▶ **Extracted entries**
....................

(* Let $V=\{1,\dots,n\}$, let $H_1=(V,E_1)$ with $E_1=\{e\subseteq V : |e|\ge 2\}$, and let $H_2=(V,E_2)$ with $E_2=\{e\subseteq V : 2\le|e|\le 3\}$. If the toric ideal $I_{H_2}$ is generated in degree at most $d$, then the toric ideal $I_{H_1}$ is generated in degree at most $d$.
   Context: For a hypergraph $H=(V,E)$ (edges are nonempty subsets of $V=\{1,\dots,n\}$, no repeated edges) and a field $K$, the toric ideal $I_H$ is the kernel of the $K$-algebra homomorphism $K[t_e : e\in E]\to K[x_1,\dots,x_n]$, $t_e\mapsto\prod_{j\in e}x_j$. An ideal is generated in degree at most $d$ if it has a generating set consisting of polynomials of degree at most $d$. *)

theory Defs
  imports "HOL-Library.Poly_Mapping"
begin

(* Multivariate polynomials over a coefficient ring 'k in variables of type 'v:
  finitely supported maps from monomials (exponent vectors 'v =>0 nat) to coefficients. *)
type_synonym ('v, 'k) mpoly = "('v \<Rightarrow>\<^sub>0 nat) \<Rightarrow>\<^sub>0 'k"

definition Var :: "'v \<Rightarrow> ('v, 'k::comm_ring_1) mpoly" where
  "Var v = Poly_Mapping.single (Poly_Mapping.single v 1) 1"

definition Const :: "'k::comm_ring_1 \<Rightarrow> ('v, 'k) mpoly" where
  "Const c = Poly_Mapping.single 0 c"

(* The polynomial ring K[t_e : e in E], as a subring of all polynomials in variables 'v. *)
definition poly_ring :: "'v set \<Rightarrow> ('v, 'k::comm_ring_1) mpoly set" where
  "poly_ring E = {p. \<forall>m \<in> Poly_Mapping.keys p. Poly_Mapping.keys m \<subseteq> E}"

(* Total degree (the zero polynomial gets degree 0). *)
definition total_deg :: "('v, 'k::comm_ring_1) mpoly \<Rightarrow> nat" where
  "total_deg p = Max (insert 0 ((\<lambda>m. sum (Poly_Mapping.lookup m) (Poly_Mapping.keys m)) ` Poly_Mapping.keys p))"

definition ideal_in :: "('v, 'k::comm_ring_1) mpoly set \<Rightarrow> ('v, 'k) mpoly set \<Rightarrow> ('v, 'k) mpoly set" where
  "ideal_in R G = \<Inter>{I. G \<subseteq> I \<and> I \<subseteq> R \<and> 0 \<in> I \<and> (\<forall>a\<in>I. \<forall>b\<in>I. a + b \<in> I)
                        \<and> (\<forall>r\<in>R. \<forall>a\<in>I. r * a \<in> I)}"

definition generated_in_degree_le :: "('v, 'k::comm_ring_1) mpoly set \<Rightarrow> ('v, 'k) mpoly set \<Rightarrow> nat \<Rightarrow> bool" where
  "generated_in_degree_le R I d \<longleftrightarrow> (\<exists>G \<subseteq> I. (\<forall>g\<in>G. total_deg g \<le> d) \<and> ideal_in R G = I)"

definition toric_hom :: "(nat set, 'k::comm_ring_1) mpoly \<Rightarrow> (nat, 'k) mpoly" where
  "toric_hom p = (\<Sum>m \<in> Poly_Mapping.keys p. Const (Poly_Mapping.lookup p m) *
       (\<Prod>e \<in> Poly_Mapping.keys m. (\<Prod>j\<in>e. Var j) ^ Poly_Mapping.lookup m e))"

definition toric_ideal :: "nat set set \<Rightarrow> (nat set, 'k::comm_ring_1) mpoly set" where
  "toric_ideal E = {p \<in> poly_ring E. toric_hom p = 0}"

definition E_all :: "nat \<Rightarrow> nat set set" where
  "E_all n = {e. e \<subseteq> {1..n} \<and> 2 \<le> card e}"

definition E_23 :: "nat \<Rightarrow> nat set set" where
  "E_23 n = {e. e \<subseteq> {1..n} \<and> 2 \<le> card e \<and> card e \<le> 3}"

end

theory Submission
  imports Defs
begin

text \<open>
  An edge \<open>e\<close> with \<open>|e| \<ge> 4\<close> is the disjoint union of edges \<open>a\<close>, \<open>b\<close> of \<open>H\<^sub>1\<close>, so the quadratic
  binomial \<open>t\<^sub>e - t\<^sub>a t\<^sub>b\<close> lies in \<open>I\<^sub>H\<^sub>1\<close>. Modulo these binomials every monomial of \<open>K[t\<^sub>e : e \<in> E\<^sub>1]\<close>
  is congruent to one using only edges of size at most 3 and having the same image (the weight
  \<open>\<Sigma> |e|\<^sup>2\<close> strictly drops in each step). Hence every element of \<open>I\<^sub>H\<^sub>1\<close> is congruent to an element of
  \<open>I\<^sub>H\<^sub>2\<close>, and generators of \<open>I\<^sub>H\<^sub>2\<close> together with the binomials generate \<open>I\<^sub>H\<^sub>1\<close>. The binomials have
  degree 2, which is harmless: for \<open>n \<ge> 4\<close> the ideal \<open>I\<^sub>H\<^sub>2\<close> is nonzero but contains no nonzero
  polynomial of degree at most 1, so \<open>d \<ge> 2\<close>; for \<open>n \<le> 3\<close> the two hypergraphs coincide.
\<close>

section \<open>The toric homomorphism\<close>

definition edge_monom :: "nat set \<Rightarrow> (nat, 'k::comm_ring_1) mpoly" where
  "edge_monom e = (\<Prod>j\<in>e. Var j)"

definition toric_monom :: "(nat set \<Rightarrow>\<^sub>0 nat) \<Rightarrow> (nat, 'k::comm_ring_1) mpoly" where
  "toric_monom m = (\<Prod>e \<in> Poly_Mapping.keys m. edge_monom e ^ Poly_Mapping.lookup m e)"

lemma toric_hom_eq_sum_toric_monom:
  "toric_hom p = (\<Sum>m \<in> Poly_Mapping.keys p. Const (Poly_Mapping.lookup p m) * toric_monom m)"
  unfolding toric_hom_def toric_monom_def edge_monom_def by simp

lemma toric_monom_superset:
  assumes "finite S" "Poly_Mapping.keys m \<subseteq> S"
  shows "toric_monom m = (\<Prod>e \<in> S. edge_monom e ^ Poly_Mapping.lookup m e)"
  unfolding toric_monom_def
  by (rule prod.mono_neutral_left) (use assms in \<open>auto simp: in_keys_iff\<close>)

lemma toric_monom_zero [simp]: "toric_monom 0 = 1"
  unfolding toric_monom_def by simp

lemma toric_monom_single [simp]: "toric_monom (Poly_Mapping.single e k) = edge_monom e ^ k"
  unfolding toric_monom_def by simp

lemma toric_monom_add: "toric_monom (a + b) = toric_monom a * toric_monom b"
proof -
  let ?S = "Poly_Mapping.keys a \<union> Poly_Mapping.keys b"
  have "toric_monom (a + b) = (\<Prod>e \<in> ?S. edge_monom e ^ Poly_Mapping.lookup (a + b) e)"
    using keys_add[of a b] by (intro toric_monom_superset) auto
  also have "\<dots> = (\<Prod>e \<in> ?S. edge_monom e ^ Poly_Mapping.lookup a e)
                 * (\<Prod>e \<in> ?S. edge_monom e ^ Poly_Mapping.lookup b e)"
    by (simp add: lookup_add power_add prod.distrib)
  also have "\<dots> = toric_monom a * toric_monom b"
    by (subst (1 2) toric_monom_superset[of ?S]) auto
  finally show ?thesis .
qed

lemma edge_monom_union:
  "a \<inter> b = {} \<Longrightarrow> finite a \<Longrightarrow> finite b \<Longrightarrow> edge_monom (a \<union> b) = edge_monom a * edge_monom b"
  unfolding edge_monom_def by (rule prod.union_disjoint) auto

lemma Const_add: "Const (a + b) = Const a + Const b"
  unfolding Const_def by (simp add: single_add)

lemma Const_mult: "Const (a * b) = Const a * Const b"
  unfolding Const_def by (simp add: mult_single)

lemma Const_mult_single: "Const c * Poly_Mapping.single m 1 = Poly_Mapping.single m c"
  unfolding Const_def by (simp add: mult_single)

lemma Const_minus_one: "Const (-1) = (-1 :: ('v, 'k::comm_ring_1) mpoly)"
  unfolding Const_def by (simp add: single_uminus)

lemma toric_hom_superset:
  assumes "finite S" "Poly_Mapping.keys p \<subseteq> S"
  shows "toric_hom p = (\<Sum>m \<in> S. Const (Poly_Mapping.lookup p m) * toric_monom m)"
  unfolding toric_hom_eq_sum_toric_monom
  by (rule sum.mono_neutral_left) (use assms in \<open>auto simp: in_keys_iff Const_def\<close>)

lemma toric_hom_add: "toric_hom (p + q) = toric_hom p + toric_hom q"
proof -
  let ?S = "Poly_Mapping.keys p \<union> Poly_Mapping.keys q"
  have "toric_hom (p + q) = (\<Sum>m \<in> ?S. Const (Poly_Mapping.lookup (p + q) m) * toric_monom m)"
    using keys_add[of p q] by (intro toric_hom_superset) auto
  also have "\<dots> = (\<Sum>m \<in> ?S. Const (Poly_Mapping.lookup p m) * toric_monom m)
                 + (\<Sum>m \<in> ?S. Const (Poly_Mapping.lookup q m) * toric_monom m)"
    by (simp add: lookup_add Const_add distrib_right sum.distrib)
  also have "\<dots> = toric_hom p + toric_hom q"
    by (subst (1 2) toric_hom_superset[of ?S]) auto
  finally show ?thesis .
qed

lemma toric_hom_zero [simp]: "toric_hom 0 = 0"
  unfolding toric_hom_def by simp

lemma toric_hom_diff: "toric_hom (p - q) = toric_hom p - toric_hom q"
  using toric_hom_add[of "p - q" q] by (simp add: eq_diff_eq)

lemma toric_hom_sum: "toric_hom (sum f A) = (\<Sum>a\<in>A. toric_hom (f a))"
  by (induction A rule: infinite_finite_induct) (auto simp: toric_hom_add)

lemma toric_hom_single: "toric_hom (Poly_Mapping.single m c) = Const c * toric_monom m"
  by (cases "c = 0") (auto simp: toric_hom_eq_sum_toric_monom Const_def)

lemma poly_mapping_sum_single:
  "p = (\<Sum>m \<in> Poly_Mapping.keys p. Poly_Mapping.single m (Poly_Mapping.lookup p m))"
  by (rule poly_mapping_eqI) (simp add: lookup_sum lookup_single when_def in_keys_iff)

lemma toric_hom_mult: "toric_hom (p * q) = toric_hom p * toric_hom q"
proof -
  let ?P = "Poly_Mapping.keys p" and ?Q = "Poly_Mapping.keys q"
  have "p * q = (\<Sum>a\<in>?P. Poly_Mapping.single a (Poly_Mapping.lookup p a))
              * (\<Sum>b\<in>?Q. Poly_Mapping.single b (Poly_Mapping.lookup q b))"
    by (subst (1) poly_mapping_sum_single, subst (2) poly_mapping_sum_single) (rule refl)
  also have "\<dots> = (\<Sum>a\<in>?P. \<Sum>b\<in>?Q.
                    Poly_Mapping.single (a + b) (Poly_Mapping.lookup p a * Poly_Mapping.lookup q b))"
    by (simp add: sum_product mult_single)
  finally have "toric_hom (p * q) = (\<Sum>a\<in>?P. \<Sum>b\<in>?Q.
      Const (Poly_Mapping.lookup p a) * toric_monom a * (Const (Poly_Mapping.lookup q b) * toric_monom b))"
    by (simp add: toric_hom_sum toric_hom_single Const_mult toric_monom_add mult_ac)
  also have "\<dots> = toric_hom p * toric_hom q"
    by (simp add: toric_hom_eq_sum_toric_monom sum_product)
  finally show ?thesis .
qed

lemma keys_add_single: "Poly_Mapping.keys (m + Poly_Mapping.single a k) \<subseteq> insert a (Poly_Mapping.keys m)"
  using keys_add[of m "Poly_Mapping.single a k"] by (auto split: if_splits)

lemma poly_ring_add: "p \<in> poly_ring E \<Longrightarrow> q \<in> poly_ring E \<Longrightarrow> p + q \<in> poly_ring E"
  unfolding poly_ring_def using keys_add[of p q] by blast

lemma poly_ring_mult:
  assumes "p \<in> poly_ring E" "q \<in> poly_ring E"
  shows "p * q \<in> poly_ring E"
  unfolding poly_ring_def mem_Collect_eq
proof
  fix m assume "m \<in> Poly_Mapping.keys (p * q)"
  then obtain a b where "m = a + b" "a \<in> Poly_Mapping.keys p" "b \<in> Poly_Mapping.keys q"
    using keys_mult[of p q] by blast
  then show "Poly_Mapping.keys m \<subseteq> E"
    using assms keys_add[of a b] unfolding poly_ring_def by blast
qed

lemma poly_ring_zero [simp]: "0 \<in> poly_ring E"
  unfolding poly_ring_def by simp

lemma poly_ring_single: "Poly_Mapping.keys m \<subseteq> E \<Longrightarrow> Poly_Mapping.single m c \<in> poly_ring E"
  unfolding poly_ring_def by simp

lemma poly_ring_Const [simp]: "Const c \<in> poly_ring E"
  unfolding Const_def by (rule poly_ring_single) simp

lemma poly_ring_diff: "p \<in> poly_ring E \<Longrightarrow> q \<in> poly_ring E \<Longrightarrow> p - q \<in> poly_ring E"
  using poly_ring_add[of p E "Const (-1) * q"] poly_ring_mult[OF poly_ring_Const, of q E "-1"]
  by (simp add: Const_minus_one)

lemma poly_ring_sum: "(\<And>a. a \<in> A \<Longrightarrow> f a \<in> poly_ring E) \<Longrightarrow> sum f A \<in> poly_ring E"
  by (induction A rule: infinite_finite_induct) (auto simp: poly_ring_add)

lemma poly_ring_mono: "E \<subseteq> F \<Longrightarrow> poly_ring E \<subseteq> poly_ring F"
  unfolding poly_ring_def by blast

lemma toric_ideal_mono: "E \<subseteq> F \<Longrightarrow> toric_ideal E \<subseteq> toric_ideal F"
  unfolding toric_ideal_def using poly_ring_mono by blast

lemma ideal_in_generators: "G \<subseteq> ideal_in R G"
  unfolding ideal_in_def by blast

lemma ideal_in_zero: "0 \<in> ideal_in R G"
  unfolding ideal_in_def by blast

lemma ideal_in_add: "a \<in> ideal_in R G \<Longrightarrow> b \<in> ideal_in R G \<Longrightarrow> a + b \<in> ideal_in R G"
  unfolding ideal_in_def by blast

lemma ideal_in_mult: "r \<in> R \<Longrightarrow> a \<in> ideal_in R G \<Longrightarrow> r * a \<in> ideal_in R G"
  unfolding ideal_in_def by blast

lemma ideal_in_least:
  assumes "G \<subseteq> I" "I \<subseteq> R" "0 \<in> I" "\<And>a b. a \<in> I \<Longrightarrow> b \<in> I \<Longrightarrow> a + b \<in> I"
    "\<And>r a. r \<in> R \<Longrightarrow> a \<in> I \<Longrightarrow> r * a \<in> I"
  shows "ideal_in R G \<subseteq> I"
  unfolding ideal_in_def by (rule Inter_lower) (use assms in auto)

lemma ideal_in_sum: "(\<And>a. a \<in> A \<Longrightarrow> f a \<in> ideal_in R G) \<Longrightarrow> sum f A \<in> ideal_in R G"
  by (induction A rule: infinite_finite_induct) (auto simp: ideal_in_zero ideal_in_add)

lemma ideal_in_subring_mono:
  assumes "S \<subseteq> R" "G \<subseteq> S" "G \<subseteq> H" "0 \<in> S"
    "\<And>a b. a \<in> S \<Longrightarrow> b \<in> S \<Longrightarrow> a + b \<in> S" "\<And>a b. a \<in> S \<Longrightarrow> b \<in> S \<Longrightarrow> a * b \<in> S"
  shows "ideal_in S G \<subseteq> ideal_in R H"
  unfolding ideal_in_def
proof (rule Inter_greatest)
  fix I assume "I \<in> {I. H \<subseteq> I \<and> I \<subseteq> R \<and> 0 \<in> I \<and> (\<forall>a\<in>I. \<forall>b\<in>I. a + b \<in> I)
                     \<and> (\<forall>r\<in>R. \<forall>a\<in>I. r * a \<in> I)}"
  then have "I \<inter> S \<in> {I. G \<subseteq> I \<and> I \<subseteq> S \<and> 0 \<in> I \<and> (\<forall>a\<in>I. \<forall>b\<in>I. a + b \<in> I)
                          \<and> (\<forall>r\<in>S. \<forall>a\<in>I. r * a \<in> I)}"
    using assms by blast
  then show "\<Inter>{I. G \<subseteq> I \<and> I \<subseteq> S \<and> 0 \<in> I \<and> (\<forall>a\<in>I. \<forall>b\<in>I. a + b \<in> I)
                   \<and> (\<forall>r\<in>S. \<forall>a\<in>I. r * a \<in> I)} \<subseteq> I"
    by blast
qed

....................

▶ **Work instruction**
What number of lines in the records hold the word "congruent"? Reply with that number alone.

▶ **Output for this exercise**
2